PERSONAL STORY BY JONATHAN KOHANSKI
IN MY HEAD
I spend so much time bobbing around in the waves. Waves that set the stage for beautiful scenes and captures of friends smiling, having fun surfing or swimming. For those handful of hours in the water, I get to temporarily forget everything that’s back on dry land, my crappy balance, my bum leg, the heat and fatigue, numb hands, etc.
The beach and the ocean have been playing a special and integral part of my life for the past few years, but even more so recently. It serves as a short refuge from some of my physical issues as well as helping me to balance out my thoughts. Spending time weightless in the water, the taste of salt on my lips and at times the cold biting at my skin feels like a completely different world. It reminds me of how much the body can endure and keep going, and how suffering can be more mental than physical at times. Just like the waves, I continually bob my head in and out of the rabbit hole of self-defeating thoughts, the thoughts I know I should avoid, but never seem to manage to. In a way, I’m the proverbial squirrel crossing the road, unable to decide which way to go, sometimes it’s the right direction, but other times clearly not.
“It’s hidden under smiles and jokes, behind an outward appearance that looks like everybody else…”

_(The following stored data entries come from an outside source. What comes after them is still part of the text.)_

(* If $\mathcal{A}$ and $\mathcal{B}$ are leaktight probabilistic automata over the same alphabet, then their synchronised product $\mathcal{A}\times\mathcal{B}$ is leaktight.
   Context: Fix a finite alphabet $A$. Here a probabilistic automaton (ignoring initial and final states, which play no role) is a pair $(Q,\Delta)$ with $Q$ finite and $\Delta:Q\times A\to\mathcal{D}(Q)$. For $a\in A$ let $M_a(s,t)=\Delta(s,a)(t)$, for $u=a_0\cdots a_{n-1}$ let $M_u=M_{a_0}\cdots M_{a_{n-1}}$ (identity for the empty word), and $\mathbb{P}(s\xrightarrow{u}t)=M_u(s,t)$. A nonnegative $Q\times Q$ matrix $M$ is idempotent if $M(s,t)>0\iff M^2(s,t)>0$ for all $s,t$; a word $u$ is idempotent if $M_u$ is. A leak is a sequence $(u_n)$ of idempotent words such that $M_{u_n}$ converges to an idempotent matrix $M$ and there exist states $r,q$, both recurrent in the Markov chain with transition matrix $M$, with $\lim_n\mathbb{P}(r\xrightarrow{u_n}q)=0$ and $\mathbb{P}(r\xrightarrow{u_n}q)>0$ for all $n$; the automaton is leaktight if it has no leak. For $\mathcal{A}=(Q^{\mathcal{A}},\Delta^{\mathcal{A}})$ and $\mathcal{B}=(Q^{\mathcal{B}},\Delta^{\mathcal{B}})$, the synchronised product is $\mathcal{A}\times\mathcal{B}=(Q^{\mathcal{A}}\times Q^{\mathcal{B}},\Delta)$ where $\Delta((q,p),a)$ is the product distribution $\Delta((q,p),a)(q',p')=\Delta^{\mathcal{A}}(q,a)(q')\cdot\Delta^{\mathcal{B}}(p,a)(p')$. *)

theory Defs
  imports "HOL-Probability.Probability"
begin

definition trans_mat :: "('q \<Rightarrow> 'a \<Rightarrow> 'q pmf) \<Rightarrow> 'a \<Rightarrow> 'q \<Rightarrow> 'q \<Rightarrow> real" where
  "trans_mat \<Delta> a s t = pmf (\<Delta> s a) t"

I can capture the beauty of the outside world with a camera, even the ugliness of it. The radiating orange glow of the sunrise, the soft beauty of crashing waves frozen in time, the happiness of friends engaged in hobbies they love. What I can’t capture is what resides within me, and words are no better at conveying those feelings and emotions. I can’t hand out a picture that would allow anyone to understand what goes on in my head or how it affects me. That’s why mental health can be so hard to comprehend. The outward appearance a lot of times looks like everyone else. It’s hidden under smiles and jokes, behind an outward appearance that looks like everybody else…going to work, going out with friends, and pursuing hobbies. There are shadows that lurk behind us, even in the darkness, there are deeper holes.
There’s an almost constant battle, light and dark, highs and lows, chaos, and calm. You can wake up one day not wanting to get out of bed, dreading the day, to feeling completely unstoppable the next. Feeling peace seems to come in the form of isolation away from the noise of the world, away from the distraction of people, of energy, away from the reminders of the conflict within and the triggers that lie in wait. Having people in my life is both a blessing and a curse, feeling at times happily overwhelmed by the support and kindness of friends and family and at other times confused by the amount of interaction and complete sensory overload from being around too much. I don't let too many people close enough to understand what it is that follows me and can be so difficult.